**Task instructions:** Please copy out the lines in the entries that contain "highest".

[Saved data entries]
═══

(* Let $k\ge2$, let $n_1,\dots,n_m$ be positive reals and $n=n_1+\cdots+n_m$. Let $F_k(x)=\left(\frac nk x\right)^{\frac1{k-1}}$ for $x\in[0,\frac kn]$ and $F_k(x)=1$ for $x>\frac kn$. In the $m$-group auction described in the context, suppose each of the $k-1$ disadvantaged bidders, independently, bids $n_i b_i$ on group $i$, where $(b_1,\dots,b_m)$ is drawn from an $m$-dimensional distribution such that each $b_i$ has cumulative distribution function $F_k$ and $n_1b_1+\cdots+n_mb_m=1$. Then the maximum over strategies of the adversary ${\mathcal A}$ of the expected number of objects won by ${\mathcal A}$ equals $n/k$.
   Context: $m$-group auction model: objects are divided into $m$ groups, group $i$ containing $n_i$ objects ($n_i$ a positive real, interpreted as the value of the group); the total number of objects is $n=\sum_i n_i$. There are $k$ bidders: an adversary ${\mathcal A}$ and $k-1$ disadvantaged bidders; each has budget $1$ and submits simultaneously nonnegative bids for the $m$ groups with total at most $1$. The highest bidder on a group obtains all $n_i$ objects in it; if $j$ bidders tie for the highest bid, each wins the group with probability $1/j$. ${\mathcal A}$ knows the disadvantaged bidders' bidding algorithm but not their realized bids; his bids are independent of theirs. *)

theory Defs
  imports "HOL-Probability.Probability"
begin

definition Fk :: "nat \<Rightarrow> real \<Rightarrow> real \<Rightarrow> real" where
  "Fk k n x = (if x < 0 then 0
               else if x \<le> real k / n then (n / real k * x) powr (1 / (real k - 1))
               else 1)"

text \<open>Probability that the adversary, bidding a, wins a group against r other bids
  bids 0, ..., bids (r-1), with uniform tie-breaking among the highest bidders.\<close>
definition win_share :: "nat \<Rightarrow> real \<Rightarrow> (nat \<Rightarrow> real) \<Rightarrow> real" where
  "win_share r a bids =
     (if (\<forall>j<r. bids j \<le> a) then 1 / (1 + real (card {j. j < r \<and> bids j = a})) else 0)"

text \<open>Expected number of objects won by the adversary with pure bid vector a, when each
  of the k-1 disadvantaged bidders independently draws b from D and bids nv i * b i on group i.\<close>
definition expected_objects ::
  "nat \<Rightarrow> ('m::finite \<Rightarrow> real) \<Rightarrow> ('m \<Rightarrow> real) measure \<Rightarrow> ('m \<Rightarrow> real) \<Rightarrow> real" where
  "expected_objects k nv D a =
     (\<integral>\<omega>. (\<Sum>i\<in>UNIV. nv i * win_share (k - 1) (a i) (\<lambda>j. nv i * \<omega> j i))
        \<partial>(PiM {..<k - 1} (\<lambda>_. D)))"

definition feasible_bid :: "('m::finite \<Rightarrow> real) \<Rightarrow> bool" where
  "feasible_bid a \<longleftrightarrow> (\<forall>i. 0 \<le> a i) \<and> (\<Sum>i\<in>UNIV. a i) \<le> 1"

definition adversary_strategy :: "('m::finite \<Rightarrow> real) measure \<Rightarrow> bool" where
  "adversary_strategy A \<longleftrightarrow> prob_space A \<and> sets A = sets (PiM UNIV (\<lambda>_::'m. borel))
      \<and> (AE a in A. feasible_bid a)"

end

theory Submission
  imports Defs
begin
(* For every integer $k\ge1$, the maps $F:\mathbb{F}_q^k\to\mathbb{F}_q^k$ and $G:\mathbb{F}_q^k\to\mathbb{F}_q^k$ are inverse to one another; in particular both are bijections of $\mathbb{F}_q^k$.
   Context: Let $q>2$ be a prime power and $\mathbb{F}_q$ the field with $q$ elements; for $c\in\mathbb{F}_q$, $c^{q-2}$ denotes the field element (so $0^{q-2}=0$ and $c^{q-2}=c^{-1}$ for $c\neq0$). The map $F:\mathbb{F}_q^k\to\mathbb{F}_q^k$ sends $(a_1,\dots,a_k)$ to $(b_1,\dots,b_k)$ where $b_i:=c_{i,i}$, and for each $1\le i\le k$ the elements $c_{i,j}$ ($0\le j\le i$) are defined by $c_{i,0}:=0$ and $c_{i,j}:=c_{i,j-1}^{q-2}+a_{i-j+1}$. For $2\le\ell\le k$ let $\Phi_\ell:\mathbb{F}_q^\ell\to\mathbb{F}_q^{\ell-1}$ send $(e_1,\dots,e_\ell)$ to $((e_2-e_1)^{q-2},(e_3-e_1)^{q-2},\dots,(e_\ell-e_1)^{q-2})$. The map $G:\mathbb{F}_q^k\to\mathbb{F}_q^k$ sends $(b_1,\dots,b_k)$ to $(a_1,\dots,a_k)$ where $a_i$ is the first entry of $\Phi_{k-i+2}\circ\Phi_{k-i+3}\circ\cdots\circ\Phi_k(b_1,\dots,b_k)\in\mathbb{F}_q^{k-i+1}$ (for $i=1$ this composite is the identity, so $a_1=b_1$). *)

theory Defs
  imports Main "HOL-Library.Cardinality"
begin

text \<open>The finite field F_q is modelled by a type 'a of class field and finite; q = CARD('a).
 Any finite field has prime-power order, so "q a prime power" is automatic.
 Elements of F_q^k are lists of length k; the paper's 1-indexed a_i is the list entry a ! (i - 1).\<close>

definition finv :: "'a::{field,finite} \<Rightarrow> 'a" where
  "finv c = c ^ (CARD('a) - 2)"

fun cF :: "'a::{field,finite} list \<Rightarrow> nat \<Rightarrow> nat \<Rightarrow> 'a" where
  "cF a i 0 = 0"
| "cF a i (Suc j) = finv (cF a i j) + a ! (i - Suc j)"

definition mapF :: "'a::{field,finite} list \<Rightarrow> 'a list" where
  "mapF a = map (\<lambda>i. cF a i i) [1..<length a + 1]"

fun Phi :: "'a::{field,finite} list \<Rightarrow> 'a list" where
  "Phi [] = []"
| "Phi (e # es) = map (\<lambda>x. finv (x - e)) es"

text \<open>a_i = first entry of Phi_{k-i+2} o ... o Phi_k (b), i.e. i-1 applications of Phi.\<close>
definition mapG :: "'a::{field,finite} list \<Rightarrow> 'a list" where
  "mapG b = map (\<lambda>i. hd ((Phi ^^ (i - 1)) b)) [1..<length b + 1]"

end

theory Submission
  imports Defs
begin

text \<open>By Fermat's little theorem c^(q-2) is the field inverse of c (with 0 mapped to 0), so one
  step of the recursion for F reads c \<mapsto> a + 1/c and F(a_1, ..., a_k) is a_1 followed by
  a_1 + 1/y for the entries y of F(a_2, ..., a_k).  Phi undoes exactly this step: subtracting the
  head a_1 and inverting returns F(a_2, ..., a_k), while G reads off the head and recurses on Phi.\<close>

lemma power_card_eq_self:
  fixes x :: "'a::{field,finite}"
  shows "x ^ CARD('a) = x"
proof (cases "x = 0")
  case False
  let ?U = "UNIV - {0::'a}"
  have "(\<Prod>y\<in>?U. x * y) = (\<Prod>y\<in>?U. y)"
    by (rule prod.reindex_bij_witness[of _ "\<lambda>y. y / x" "\<lambda>y. x * y"]) (use False in auto)
  then have "x ^ card ?U * \<Prod>?U = 1 * \<Prod>?U"
    by (simp add: prod.distrib)
  then have "x ^ (CARD('a) - 1) = 1"
    by (simp add: card_Diff_singleton)
  moreover have "CARD('a) = Suc (CARD('a) - 1)"
    using finite_UNIV_card_ge_0 by simp
  ultimately show ?thesis
    by (metis power_Suc mult_1_right)
qed (simp add: finite_UNIV_card_ge_0)

lemma finv_eq_inverse:
  assumes "CARD('a::{field,finite}) > 2"
  shows "finv (x::'a) = inverse x"
proof (cases "x = 0")
  case False
  have "finv x * x * x = x ^ (CARD('a) - 2 + 2)"
    by (simp only: finv_def power_add power2_eq_square mult.assoc)
  also have "CARD('a) - 2 + 2 = CARD('a)"
    using assms by simp
  also have "x ^ CARD('a) = x"
    by (rule power_card_eq_self)
  finally have "finv x * x * x = x" .
  then have "finv x * x = 1"
    using False by simp
  then show ?thesis
    using False by (simp add: field_simps)
next
  case True
  then show ?thesis
    using assms by (simp add: finv_def)
qed

lemma cF_Cons: "j \<le> i \<Longrightarrow> cF (x # xs) (Suc i) j = cF xs i j"
  by (induction j) (auto simp: Suc_diff_Suc)

lemma mapF_conv_map_upt: "mapF a = map (\<lambda>i. cF a (Suc i) (Suc i)) [0..<length a]"
  by (simp add: mapF_def map_Suc_upt[symmetric] del: upt_Suc)

lemma mapG_conv_map_upt: "mapG b = map (\<lambda>i. hd ((Phi ^^ i) b)) [0..<length b]"
  by (simp add: mapG_def map_Suc_upt[symmetric] del: upt_Suc)

lemma length_mapF [simp]: "length (mapF a) = length a"
  by (simp add: mapF_conv_map_upt)

lemma length_mapG [simp]: "length (mapG b) = length b"
  by (simp add: mapG_conv_map_upt)

lemma mapF_Nil [simp]: "mapF [] = []"
  by (simp add: mapF_def)

lemma mapG_Nil [simp]: "mapG [] = []"
  by (simp add: mapG_def)

lemma mapF_Cons:
  assumes "CARD('a::{field,finite}) > 2"
  shows "mapF (x # xs) = x # map (\<lambda>y. x + inverse y) (mapF (xs::'a list))"
proof -
  have "mapF (x # xs) = map (\<lambda>i. cF (x # xs) (Suc i) (Suc i)) (0 # map Suc [0..<length xs])"
    by (simp only: mapF_conv_map_upt length_Cons upt_conv_Cons map_Suc_upt zero_less_Suc)
  then show ?thesis
    by (simp add: mapF_conv_map_upt cF_Cons finv_eq_inverse[OF assms] add.commute del: upt_Suc)
qed

lemma mapG_Cons: "mapG (e # es) = e # mapG (Phi (e # es))"
proof -
  have "mapG (e # es) = map (\<lambda>i. hd ((Phi ^^ i) (e # es))) (0 # map Suc [0..<length es])"
    by (simp only: mapG_conv_map_upt length_Cons upt_conv_Cons map_Suc_upt zero_less_Suc)
  also have "\<dots> = e # map (\<lambda>i. hd ((Phi ^^ i) (Phi (e # es)))) [0..<length es]"
    by (simp add: funpow_Suc_right del: Phi.simps upt_Suc funpow.simps)
  finally show ?thesis
    by (simp add: mapG_conv_map_upt del: upt_Suc)
qed

lemma Phi_mapF_Cons:
  assumes "CARD('a::{field,finite}) > 2"
  shows "Phi (mapF (x # xs)) = mapF (xs::'a list)"
  by (simp add: mapF_Cons[OF assms] finv_eq_inverse[OF assms] comp_def)

lemma mapG_mapF:
  assumes "CARD('a::{field,finite}) > 2"
  shows "mapG (mapF a) = (a::'a list)"
proof (induction a)
  case (Cons x xs)
  have "mapG (mapF (x # xs)) = x # mapG (Phi (mapF (x # xs)))"
    by (simp only: mapF_Cons[OF assms] mapG_Cons)
  then show ?case
    using Cons by (simp only: Phi_mapF_Cons[OF assms])
qed simp

lemma mapF_mapG:
  assumes "CARD('a::{field,finite}) > 2"
  shows "mapF (mapG b) = (b::'a list)"
proof (induction "length b" arbitrary: b)
  case (Suc n)
  then obtain e es where b: "b = e # es"
    by (cases b) auto
  have "mapF (mapG (Phi b)) = Phi b"
    using Suc b by simp
  then have "mapF (mapG b) = e # map (\<lambda>y. e + inverse y) (Phi b)"
    using b by (simp add: mapG_Cons mapF_Cons[OF assms] del: Phi.simps)
  also have "\<dots> = b"
    using b by (simp add: map_idI finv_eq_inverse[OF assms])
  finally show ?case .
qed simp

theorem theorem3p1:
  fixes k :: nat
  assumes "CARD('a::{field,finite}) > 2"
    and "k \<ge> 1"
  shows "(\<forall>a::'a list. length a = k \<longrightarrow> length (mapF a) = k \<and> mapG (mapF a) = a)
       \<and> (\<forall>b::'a list. length b = k \<longrightarrow> length (mapG b) = k \<and> mapF (mapG b) = b)
       \<and> bij_betw (mapF :: 'a list \<Rightarrow> 'a list) {x. length x = k} {x. length x = k}
       \<and> bij_betw (mapG :: 'a list \<Rightarrow> 'a list) {x. length x = k} {x. length x = k}"
proof -
  note GF = mapG_mapF[OF assms(1)] and FG = mapF_mapG[OF assms(1)]
  have "bij_betw (mapF :: 'a list \<Rightarrow> 'a list) {x. length x = k} {x. length x = k}"
    by (rule bij_betw_byWitness[where f'=mapG]) (auto simp: GF FG)
  moreover have "bij_betw (mapG :: 'a list \<Rightarrow> 'a list) {x. length x = k} {x. length x = k}"
    by (rule bij_betw_byWitness[where f'=mapF]) (auto simp: GF FG)
  ultimately show ?thesis
    by (simp add: GF FG)
qed

end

═══

**The completed task:**
   Context: $m$-group auction model: objects are divided into $m$ groups, group $i$ containing $n_i$ objects ($n_i$ a positive real, interpreted as the value of the group); the total number of objects is $n=\sum_i n_i$. There are $k$ bidders: an adversary ${\mathcal A}$ and $k-1$ disadvantaged bidders; each has budget $1$ and submits simultaneously nonnegative bids for the $m$ groups with total at most $1$. The highest bidder on a group obtains all $n_i$ objects in it; if $j$ bidders tie for the highest bid, each wins the group with probability $1/j$. ${\mathcal A}$ knows the disadvantaged bidders' bidding algorithm but not their realized bids; his bids are independent of theirs. *)
  bids 0, ..., bids (r-1), with uniform tie-breaking among the highest bidders.\<close>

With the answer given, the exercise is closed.